Agravo Interno n. 4029409-80.2018.8.24.0000/50000, de Rio do Sul

Relator: Desembargador Dinart Francisco Machado

AGRAVO INTERNO (ART. 1.021 DO CPC/2015) EM AGRAVO DE INSTRUMENTO. AÇÃO DE ADIMPLEMENTO CONTRATUAL. PLANOS DE INVESTIMENTO NA EXPANSÃO DA REDE DE TELEFONIA. CONTRATO NA MODALIDADE PLANTA COMUNITÁRIA DE TELEFONIA (PCT). DECISÃO MONOCRÁTICA DESTE RELATOR QUE INDEFERIU O PEDIDO DE ATRIBUIÇÃO DE EFEITO SUSPENSIVO AO RECURSO. INSURGÊNCIA DA EMPRESA DE TELEFONIA.

1 - SUFICIÊNCIA DA RADIOGRAFIA DO CONTRATO PARA A ELABORAÇÃO DOS CÁLCULOS, ALÉM DA NECESSIDADE DE CONCESSÃO DE EFEITO SUSPENSIVO AO RECURSO. ALEGAÇÃO DE QUE ESTARIAM PREENCHIDOS OS REQUISITOS AUTORIZADORES DA ANTECIPAÇÃO DA TUTELA RECURSAL. CONTUDO, AUSÊNCIA DE COMPROVAÇÃO DOS REQUISITOS DO ART. 995, PARÁGRAFO ÚNICO, DO CPC/2015 - PERICULUM IN MORA NÃO EVIDENCIADO NA HIPÓTESE. DECISÃO MONOCRÁTICA MANTIDA. RECURSO DESPROVIDO.

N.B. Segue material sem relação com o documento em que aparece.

(* Let $\mathbf{X}\in\mathcal{X}$ be a covariate vector, $A\in\{1,\dots,k\}$ ($k\ge 2$) a treatment, and $Y>0$ a bounded outcome (smaller is better), with $p(A=j\mid\mathbf{X})>0$ almost everywhere for every $j$. Let $\mu_j(\mathbf{x})=\mathbb{E}(Y\mid \mathbf{X}=\mathbf{x},A=j)$ and let $\mu_{(1)}(\mathbf{x})=\min_j\mu_j(\mathbf{x})$. Fix $c\ge 1$ and define the optimal A-ITR $\phi^*(\mathbf{x})=\{j:\ \mu_j(\mathbf{x})/\mu_{(1)}(\mathbf{x})\le c\}$. Let $\ell_D:\mathbb{R}\to\mathbb{R}$ be convex and differentiable with $\ell_D'(u)>0$ for all $u$, and let $$\mathbf{f}^*=\operatorname{argmin}_{\mathbf{f}:\mathcal{X}\to\mathbb{R}^{k-1}}\mathbb{E}\left[\frac{Y}{p(A\mid\mathbf{X})}\ell_D(\langle \mathbf{W}_A,\mathbf{f}(\mathbf{X})\rangle)\right].$$ For $\mathbf{x}\in\mathcal{X}$, order the vertices so that $\langle\mathbf{W}_{(1)},\mathbf{f}^*(\mathbf{x})\rangle>\dots>\langle\mathbf{W}_{(k)},\mathbf{f}^*(\mathbf{x})\rangle$ and define $$\phi^D_{\mathbf{f}^*}(\mathbf{x})=\left\{j:\ \frac{\ell_D'(\langle\mathbf{W}_{(1)},\mathbf{f}^*(\mathbf{x})\rangle)}{\ell_D'(\langle\mathbf{W}_j,\mathbf{f}^*(\mathbf{x})\rangle)}\le c\right\}.$$ Then $\phi^D_{\mathbf{f}^*}$ coincides with $\phi^*$.
   Context: $\mathbf{W}_1,\dots,\mathbf{W}_k\in\mathbb{R}^{k-1}$ are the vertices of a simplex: $\mathbf{W}_1=(k-1)^{-1/2}\mathbf{1}_{k-1}$ and $\mathbf{W}_j=-(1+k^{1/2})(k-1)^{-3/2}\mathbf{1}_{k-1}+[k/(k-1)]^{1/2}\mathbf{e}_{j-1}$ for $2\le j\le k$, where $\mathbf{1}_{k-1}$ is the all-ones vector and $\mathbf{e}_{j-1}$ the $(j-1)$th standard basis vector of $\mathbb{R}^{k-1}$. The conditional means are assumed strictly ordered, $\mu_{(1)}<\dots<\mu_{(k)}$. An A-ITR is a map from $\mathcal{X}$ to nonempty subsets of $\{1,\dots,k\}$. *)

theory Defs
  imports "HOL-Probability.Probability"
begin

text \<open>Simplex vertex W_j in R^(k-1); vectors of R^(k-1) are functions nat => real,
  only the coordinates 1..k-1 matter.\<close>
definition simplex_vertex :: "nat \<Rightarrow> nat \<Rightarrow> nat \<Rightarrow> real" where
  "simplex_vertex k j i =
     (if j = 1 then 1 / sqrt (real k - 1)
      else - (1 + sqrt (real k)) / (real k - 1) powr (3/2)
           + (if i = j - 1 then sqrt (real k / (real k - 1)) else 0))"

definition vinner :: "nat \<Rightarrow> (nat \<Rightarrow> real) \<Rightarrow> (nat \<Rightarrow> real) \<Rightarrow> real" where
  "vinner k w v = (\<Sum>i\<in>{1..k-1}. w i * v i)"

text \<open>Conditional mean mu_j(x) = E(Y | X = x, A = j), where K j x is the conditional
  law of Y given X = x, A = j.\<close>
definition cond_mean :: "(nat \<Rightarrow> 'x \<Rightarrow> real measure) \<Rightarrow> nat \<Rightarrow> 'x \<Rightarrow> real" where
  "cond_mean K j x = (\<integral>y. y \<partial>(K j x))"

text \<open>Conditional expectation given X = x of Y / p(A|X) * l(<W_A, f(X)>),
  A | X = x distributed as p(.|x), Y | X = x, A = j distributed as K j x.\<close>
definition ipw_integrand ::
  "(nat \<Rightarrow> 'x \<Rightarrow> real) \<Rightarrow> (nat \<Rightarrow> 'x \<Rightarrow> real measure) \<Rightarrow> (real \<Rightarrow> real) \<Rightarrow> nat
    \<Rightarrow> ('x \<Rightarrow> nat \<Rightarrow> real) \<Rightarrow> 'x \<Rightarrow> real" where
  "ipw_integrand p K l k f x =
     (\<Sum>j\<in>{1..k}. p j x *
        (\<integral>y. y / p j x * l (vinner k (simplex_vertex k j) (f x)) \<partial>(K j x)))"

definition ipw_risk ::
  "'x measure \<Rightarrow> (nat \<Rightarrow> 'x \<Rightarrow> real) \<Rightarrow> (nat \<Rightarrow> 'x \<Rightarrow> real measure) \<Rightarrow> (real \<Rightarrow> real)
    \<Rightarrow> nat \<Rightarrow> ('x \<Rightarrow> nat \<Rightarrow> real) \<Rightarrow> real" where
  "ipw_risk M p K l k f = (\<integral>x. ipw_integrand p K l k f x \<partial>M)"

definition admissible ::
  "'x measure \<Rightarrow> (nat \<Rightarrow> 'x \<Rightarrow> real) \<Rightarrow> (nat \<Rightarrow> 'x \<Rightarrow> real measure) \<Rightarrow> (real \<Rightarrow> real)
    \<Rightarrow> nat \<Rightarrow> ('x \<Rightarrow> nat \<Rightarrow> real) \<Rightarrow> bool" where
  "admissible M p K l k f \<longleftrightarrow>
     (\<forall>i\<in>{1..k-1}. (\<lambda>x. f x i) \<in> borel_measurable M) \<and>
     integrable M (ipw_integrand p K l k f)"

definition opt_AITR :: "nat \<Rightarrow> real \<Rightarrow> (nat \<Rightarrow> real) \<Rightarrow> nat set" where
  "opt_AITR k c mu = {j\<in>{1..k}. mu j / Min (mu ` {1..k}) \<le> c}"

text \<open>phi^D_f(x): W_(1) is the vertex with the largest inner product with f(x).\<close>
definition AITR_D :: "nat \<Rightarrow> (real \<Rightarrow> real) \<Rightarrow> real \<Rightarrow> (nat \<Rightarrow> real) \<Rightarrow> nat set" where
  "AITR_D k l' c v =
     {j\<in>{1..k}. l' (Max ((\<lambda>i. vinner k (simplex_vertex k i) v) ` {1..k}))
                 / l' (vinner k (simplex_vertex k j) v) \<le> c}"

end

theory Submission
  imports Defs
begin

text \<open>Minimality of fstar forces, for almost every x, that no coordinate step of size 1/(n+1)
  decreases the conditional risk v \<mapsto> \<Sum>j. mu j(x) l(<W_j, v>) at v = fstar x: otherwise
  performing that step on a set of positive measure would lower the risk, and since the steps
  form a countable family the exceptional null sets can be united. Hence the gradient
  \<Sum>j. mu j(x) l'(<W_j, fstar x>) W_j vanishes. The only linear relation among the simplex
  vertices is \<Sum>j. W_j = 0, so mu j(x) l'(<W_j, fstar x>) does not depend on j. As l' is
  positive and nondecreasing, the largest inner product belongs to the smallest conditional
  mean, and the ratio of derivatives defining AITR_D is mu j(x) / Min mu(x).\<close>

lemma vinner_fun_upd_add:
  assumes "i \<in> {1..k-1}"
  shows "vinner k w (v(i := v i + t)) = vinner k w v + t * w i"
proof -
  have "vinner k w (v(i := v i + t)) = (\<Sum>i'\<in>{1..k-1}. w i' * v i' + (if i' = i then t * w i else 0))"
    unfolding vinner_def by (intro sum.cong) (auto simp: algebra_simps)
  also have "\<dots> = vinner k w v + t * w i"
    using assms by (simp add: sum.distrib vinner_def)
  finally show ?thesis .
qed

lemma vinner_measurable:
  assumes "\<forall>i\<in>{1..k-1}. (\<lambda>x. f x i) \<in> borel_measurable M"
  shows "(\<lambda>x. vinner k w (f x)) \<in> borel_measurable M"
  unfolding vinner_def using assms by (intro borel_measurable_sum borel_measurable_times) auto

lemma simplex_vertex_coeff_relation:
  assumes "k \<ge> 2"
  shows "- (1 + sqrt (real k)) / (real k - 1) powr (3/2) * (real k - 1) + sqrt (real k / (real k - 1))
         = - (1 / sqrt (real k - 1))"
proof -
  define r where "r = sqrt (real k - 1)"
  have k1: "real k - 1 > 0" using assms by simp
  then have r: "r > 0" by (simp add: r_def)
  have "(real k - 1) powr (3/2) = (real k - 1) powr 1 * (real k - 1) powr (1/2)"
    by (subst powr_add[symmetric]) simp
  also have "\<dots> = (real k - 1) * r" using k1 by (simp add: powr_half_sqrt r_def)
  finally have powr: "(real k - 1) powr (3/2) = (real k - 1) * r" .
  have sqrt: "sqrt (real k / (real k - 1)) = sqrt (real k) / r" by (simp add: r_def real_sqrt_divide)
  show ?thesis unfolding powr sqrt r_def[symmetric] using r k1 by (simp add: field_simps)
qed

text \<open>Coordinate i of \<Sum>j. lam j W_j is lam 1 * al + be * (lam 2 + ... + lam k) + ga * lam (i + 1),
  so lam 2 = ... = lam k, and the relation be * (k - 1) + ga = - al then forces the same value
  on lam 1.\<close>
lemma simplex_vertex_lincomb_zero_imp_const:
  assumes k: "k \<ge> 2"
    and zero: "\<forall>i\<in>{1..k-1}. (\<Sum>j\<in>{1..k}. lam j * simplex_vertex k j i) = 0"
  shows "\<forall>j\<in>{1..k}. lam j = lam 1"
proof -
  define al where "al = 1 / sqrt (real k - 1)"
  define be where "be = - (1 + sqrt (real k)) / (real k - 1) powr (3/2)"
  define ga where "ga = sqrt (real k / (real k - 1))"
  define S where "S = (\<Sum>j\<in>{2..k}. lam j)"
  have k1: "real k - 1 > 0" using k by simp
  have al0: "al > 0" using k1 by (simp add: al_def)
  have ga0: "ga > 0" using k1 by (simp add: ga_def)
  have coord: "lam 1 * al + be * S + ga * lam (i + 1) = 0" if i: "i \<in> {1..k-1}" for i
  proof -
    have "i + 1 \<in> {2..k}" using i by auto
    have "(\<Sum>j\<in>{1..k}. lam j * simplex_vertex k j i)
        = lam 1 * al + (\<Sum>j\<in>{2..k}. lam j * be + (if j = i + 1 then lam j * ga else 0))"
      using k by (subst sum.atLeast_Suc_atMost)
        (auto simp: simplex_vertex_def al_def be_def ga_def algebra_simps intro!: sum.cong)
    also have "\<dots> = lam 1 * al + be * S + ga * lam (i + 1)"
      using i k \<open>i + 1 \<in> {2..k}\<close> by (simp add: sum.distrib S_def sum_distrib_left mult.commute)
    finally show ?thesis using zero i by simp
  qed
  define c0 where "c0 = - (lam 1 * al + be * S) / ga"
  have tail: "lam j = c0" if "j \<in> {2..k}" for j
  proof -
    have "j - 1 \<in> {1..k-1}" "j - 1 + 1 = j" using that by auto
    with coord[of "j - 1"] show ?thesis using ga0 by (simp add: c0_def field_simps)
  qed
  have "S = (\<Sum>j\<in>{2..k}. c0)" unfolding S_def using tail by (intro sum.cong) auto
  then have S: "S = (real k - 1) * c0" using k by simp
  have "lam 1 * al + be * S + ga * c0 = 0"
    using coord[of 1] tail[of 2] k by (simp add: numeral_2_eq_2)
  moreover have "ga = - al - be * (real k - 1)"
    using simplex_vertex_coeff_relation[OF k] by (simp add: al_def be_def ga_def)
  ultimately have "al * (lam 1 - c0) = 0" unfolding S by (simp add: algebra_simps)
  then have "lam 1 = c0" using al0 by simp
  then show ?thesis using tail by (metis atLeastAtMost_iff le_antisym not_less_eq_eq one_add_one plus_1_eq_Suc)
qed

lemma convex_on_UNIV_deriv_mono:
  fixes l l' :: "real \<Rightarrow> real"
  assumes convex: "convex_on UNIV l" and deriv: "\<forall>u. (l has_real_derivative l' u) (at u)"
    and "a \<le> b"
  shows "l' a \<le> l' b"
proof (cases "a = b")
  case False
  have "l b - l a \<ge> l' a * (b - a)" "l a - l b \<ge> l' b * (a - b)"
    by (rule convex_on_imp_above_tangent[OF convex], use deriv in auto)+
  then have "l' a * (b - a) \<le> l' b * (b - a)" by (simp add: algebra_simps)
  then show ?thesis using \<open>a \<le> b\<close> False by simp
qed simp

lemma DERIV_zero_if_no_descent_at_inverse_nat:
  fixes \<phi> :: "real \<Rightarrow> real"
  assumes deriv: "(\<phi> has_real_derivative D) (at 0)"
    and right: "\<And>n. \<phi> 0 \<le> \<phi> (1 / Suc n)" and left: "\<And>n. \<phi> 0 \<le> \<phi> (- 1 / Suc n)"
  shows "D = 0"
proof (rule ccontr)
  assume "D \<noteq> 0"
  then consider "D > 0" | "D < 0" by linarith
  then show False
  proof cases
    case 1
    obtain d where "d > 0" and d: "\<And>h. 0 < h \<Longrightarrow> h < d \<Longrightarrow> \<phi> (0 - h) < \<phi> 0"
      using DERIV_pos_inc_left[OF deriv 1] by blast
    obtain n where "inverse (real (Suc n)) < d"
      using reals_Archimedean[OF \<open>d > 0\<close>] by blast
    then show False using d[of "1 / Suc n"] left[of n] by (simp add: divide_inverse)
  next
    case 2
    obtain d where "d > 0" and d: "\<And>h. 0 < h \<Longrightarrow> h < d \<Longrightarrow> \<phi> 0 > \<phi> (0 + h)"
      using DERIV_neg_dec_right[OF deriv 2] by blast
    obtain n where "inverse (real (Suc n)) < d"
      using reals_Archimedean[OF \<open>d > 0\<close>] by blast
    then show False using d[of "1 / Suc n"] right[of n] by (simp add: divide_inverse)
  qed
qed

definition cond_risk :: "(nat \<Rightarrow> real) \<Rightarrow> (real \<Rightarrow> real) \<Rightarrow> nat \<Rightarrow> (nat \<Rightarrow> real) \<Rightarrow> real" where
  "cond_risk mu l k v = (\<Sum>j\<in>{1..k}. mu j * l (vinner k (simplex_vertex k j) v))"

lemma cond_risk_coordinate_deriv:
  assumes deriv: "\<forall>u. (l has_real_derivative l' u) (at u)" and i: "i \<in> {1..k-1}"
  shows "((\<lambda>t. cond_risk mu l k (v(i := v i + t))) has_real_derivative
           (\<Sum>j\<in>{1..k}. mu j * l' (vinner k (simplex_vertex k j) v) * simplex_vertex k j i)) (at 0)"
proof -
  have "((\<lambda>t. \<Sum>j\<in>{1..k}. mu j * l (vinner k (simplex_vertex k j) v + t * simplex_vertex k j i))
        has_real_derivative (\<Sum>j\<in>{1..k}. mu j * (l' (vinner k (simplex_vertex k j) v + 0 * simplex_vertex k j i)
           * (0 * 0 + 1 * simplex_vertex k j i)))) (at 0)"
    using deriv by (intro DERIV_sum DERIV_cmult DERIV_chain2[of l] derivative_eq_intros) auto
  then show ?thesis by (simp add: cond_risk_def vinner_fun_upd_add[OF i] mult.assoc)
qed

lemma cond_risk_stationary_if_no_coordinate_descent:
  assumes deriv: "\<forall>u. (l has_real_derivative l' u) (at u)" and i: "i \<in> {1..k-1}"
    and "\<And>n. cond_risk mu l k v \<le> cond_risk mu l k (v(i := v i + 1 / Suc n))"
    and "\<And>n. cond_risk mu l k v \<le> cond_risk mu l k (v(i := v i + - 1 / Suc n))"
  shows "(\<Sum>j\<in>{1..k}. mu j * l' (vinner k (simplex_vertex k j) v) * simplex_vertex k j i) = 0"
  by (rule DERIV_zero_if_no_descent_at_inverse_nat[OF cond_risk_coordinate_deriv[OF deriv i]])
    (use assms in simp_all)
lemma wt_ratio_increasing:
  assumes ab: "a \<in> I" "b \<in> I" "\<sigma> a < \<sigma> b" and t: "0 < tx" "tx < ty" "ty < 1"
  shows "wt ty a * wt tx b < wt ty b * wt tx a"
proof -
  define k where "k = w a * w b / (mass ty * mass tx)"
  have "0 < w a" "0 < w b" using w_pos I_subset ab(1,2) by auto
  moreover have "0 < mass ty" "0 < mass tx" using mass_pos t by auto
  ultimately have "0 < k" by (simp add: k_def)
  then have "k * (bernstein A a (pt ty) * bernstein A b (pt tx))
      < k * (bernstein A b (pt ty) * bernstein A a (pt tx))"
    using bernstein_ratio_increasing[OF ab t] by simp
  then show ?thesis by (simp add: wt_def k_def field_simps)
qed

definition wt_change :: "real \<Rightarrow> real \<Rightarrow> int \<times> int \<Rightarrow> real" where
  "wt_change tx ty a = wt ty a - wt tx a"

lemma wt_change_from_start:
  assumes "0 < ty" "ty < 1"
  shows "wt_change 0 ty a0 < 0" and "\<forall>a\<in>I. a \<noteq> a0 \<longrightarrow> 0 < wt_change 0 ty a"
  using wt_interior_lt_1[OF a0_in_I assms] wt_interior_pos assms
  by (auto simp: wt_change_def wt_start a0_in_I)

lemma wt_change_to_end:
  assumes "0 < tx" "tx < 1"
  shows "0 < wt_change tx 1 a1" and "\<forall>a\<in>I. a \<noteq> a1 \<longrightarrow> wt_change tx 1 a < 0"
  using wt_interior_lt_1[OF a1_in_I assms] wt_interior_pos assms
  by (auto simp: wt_change_def wt_end a1_in_I)

text \<open>Between interior parameters, the weights decrease before some point of the edge and
  increase after it: the increasing ratio forbids a decrease after an increase.\<close>
lemma wt_change_interior_sign_order:
  assumes t: "0 < tx" "tx < ty" "ty < 1"
    and ab: "a \<in> I" "b \<in> I" "wt_change tx ty a \<le> 0" "0 \<le> wt_change tx ty b"
    "wt_change tx ty a < wt_change tx ty b"
  shows "\<sigma> a < \<sigma> b"
proof (rule ccontr)
  assume "\<not> \<sigma> a < \<sigma> b"
  moreover have "a \<noteq> b" using ab(5) by auto
  ultimately have "\<sigma> b < \<sigma> a" using \<sigma>_inj[OF ab(1,2)] by fastforce
  then have "wt ty b * wt tx a < wt ty a * wt tx b"
    using wt_ratio_increasing[OF ab(2,1) _ t] by simp
  moreover have "wt ty a * wt tx b \<le> wt tx a * wt tx b"
    using ab(3) wt_interior_pos[OF ab(2)] t by (simp add: wt_change_def)
  moreover have "wt tx a * wt tx b \<le> wt tx a * wt ty b"
    using ab(4) wt_interior_pos[OF ab(1)] t by (simp add: wt_change_def)
  ultimately show False by (simp add: mult.commute)
qed
lemma bistochastic_psd_mat: assumes "bistochastic d \<Phi>" "psd_mat d M" shows "psd_mat d (\<Phi> M)"
proof -
  have M: "M \<in> carrier_mat d d" using assms(2) unfolding psd_mat_def hermitian_mat_def by auto
  have l: "linear_map_on d \<Phi>" using assms(1) unfolding bistochastic_def by auto
  have cp: "\<forall>k M. psd_mat (d*k) M \<longrightarrow> psd_mat (d*k) (tensor_id d k \<Phi> M)"
    using assms(1) unfolding bistochastic_def completely_positive_def by auto
  have "psd_mat (d*1) M" using assms(2) by simp
  hence "psd_mat (d*1) (tensor_id d 1 \<Phi> M)" using cp by blast
  thus ?thesis using tensor_id_one[OF M l] by simp
qed

lemma index_adjoint_conj_mat_sum:
  assumes X: "X \<in> carrier_mat d d" and F: "\<forall>l<K. F l \<in> carrier_mat d d" and i: "i < d"
  shows "(mat_adjoint X * mat_sum d K F * X) $$ (i,i) = (\<Sum>k<K. (mat_adjoint X * F k * X) $$ (i,i))"
proof -
  have "(mat_adjoint X * mat_sum d K F * X) $$ (i,i) = (\<Sum>a<d. \<Sum>b<d. cnj (X $$ (a,i)) * mat_sum d K F $$ (a,b) * X $$ (b,i))"
    by (rule index_adjoint_conj_diag[OF X mat_sum_carrier[OF F] i])
  also have "\<dots> = (\<Sum>a<d. \<Sum>b<d. \<Sum>k<K. cnj (X $$ (a,i)) * F k $$ (a,b) * X $$ (b,i))"
    using F by (intro sum.cong refl) (simp add: index_mat_sum sum_distrib_left sum_distrib_right)
  also have "\<dots> = (\<Sum>k<K. \<Sum>a<d. \<Sum>b<d. cnj (X $$ (a,i)) * F k $$ (a,b) * X $$ (b,i))"
    by (simp add: sum.swap[of _ "{..<K}"])
  also have "\<dots> = (\<Sum>k<K. (mat_adjoint X * F k * X) $$ (i,i))"
    using F by (intro sum.cong refl index_adjoint_conj_diag[symmetric, OF X _ i]) auto
  finally show ?thesis .
qed

lemma index_adjoint_conj_smult:
  assumes X: "X \<in> carrier_mat d d" and B: "B \<in> carrier_mat d d" and i: "i < d"
  shows "(mat_adjoint X * (c \<cdot>\<^sub>m B) * X) $$ (i,i) = c * (mat_adjoint X * B * X) $$ (i,i)"
  using X B i by (simp add: index_adjoint_conj_diag sum_distrib_left algebra_simps)

locale bistochastic_frame =
  fixes d :: nat and \<Phi> :: "complex mat \<Rightarrow> complex mat" and W :: "complex mat"
  assumes bs: "bistochastic d \<Phi>" and uW: "unitary_mat d W"
begin

definition proj :: "nat \<Rightarrow> complex mat" where
  "proj k = Matrix.mat d d (\<lambda>(i,j). W $$ (i,k) * cnj (W $$ (j,k)))"

lemma W_carrier: "W \<in> carrier_mat d d" using uW unitary_mat_carrier by auto

lemma linear: "linear_map_on d \<Phi>" using bs unfolding bistochastic_def by auto

lemma map_carrier: "A \<in> carrier_mat d d \<Longrightarrow> \<Phi> A \<in> carrier_mat d d"
  using linear unfolding linear_map_on_def by auto

lemma proj_carrier[simp]: "proj k \<in> carrier_mat d d" unfolding proj_def by auto

lemma proj_psd: "psd_mat d (proj k)"
  unfolding psd_mat_def hermitian_mat_def
proof (intro conjI ballI)
  show "proj k \<in> carrier_mat d d" by simp
  show "mat_adjoint (proj k) = proj k" by (rule eq_matI) (auto simp: proj_def)
  fix v :: "complex vec" assume v: "v \<in> carrier_vec d"
  define z where "z = (\<Sum>a<d. cnj (v $ a) * W $$ (a,k))"
  have "conjugate v \<bullet> (proj k *\<^sub>v v) = (\<Sum>a<d. \<Sum>b<d. cnj (v $ a) * proj k $$ (a,b) * v $ b)"
    by (rule quadratic_form_sum[OF proj_carrier v])
  also have "\<dots> = (\<Sum>a<d. \<Sum>b<d. (cnj (v $ a) * W $$ (a,k)) * (cnj (W $$ (b,k)) * v $ b))"
    by (intro sum.cong refl) (simp add: proj_def algebra_simps)
  also have "\<dots> = z * cnj z"
  proof -
    have cz: "cnj z = (\<Sum>b<d. cnj (W $$ (b,k)) * v $ b)" unfolding z_def by (simp add: cnj_sum mult.commute)
    show ?thesis unfolding cz unfolding z_def by (simp add: sum_product)
  qed
  also have "\<dots> = complex_of_real (cmod z ^ 2)" by (simp add: mult_cnj_self)
  finally show "0 \<le> Re (conjugate v \<bullet> (proj k *\<^sub>v v))" by simp
qed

2 - RECURSO MANIFESTAMENTE IMPROCEDENTE. IMPOSIÇÃO, DE OFÍCIO, DA MULTA PREVISTA NO ART. 1.021, § 4º, DO CPC/2015. FIXAÇÃO EM 3% (TRÊS POR CENTO) SOBRE O VALOR ATUALIZADO DA CAUSA.

"Quando o agravo interno for declarado manifestamente inadmissível ou improcedente em votação unânime, o órgão colegiado, em decisão fundamentada, condenará o agravante a pagar ao agravado multa fixada entre um e cinco por cento do valor da causa devidamente atualizado (art. 1.021, § 4.º). Note-se que nesse caso há dever de imposição da multa, na medida em que com isso o legislador busca resguardar a seriedade na interposição do recurso, evitando a proliferação de recursos meramente protelatórios ou temerários (trata-se, portanto, de técnica voltada não só à promoção da boa fé processual, art. 5.º, mas também a concretização do direito ao processo com duração razoável, arts. 5.º, LXXVIII, da CF, e 4.º, CPC). Condenado o agravante, a interposição de qualquer outro recurso está condicionada ao depósito prévio do valor da multa prevista no § 4.º [...] (Curso de Processo Civil. v. 2. São Paulo: Revista dos Tribunais, 2015. p. 538)" (Agravo n. 4014585-87.2016.8.24.0000, de Fraiburgo, rel. Des. Pedro Manoel Abreu, Terceira Câmara de Direito Público, j. 6-6-2017).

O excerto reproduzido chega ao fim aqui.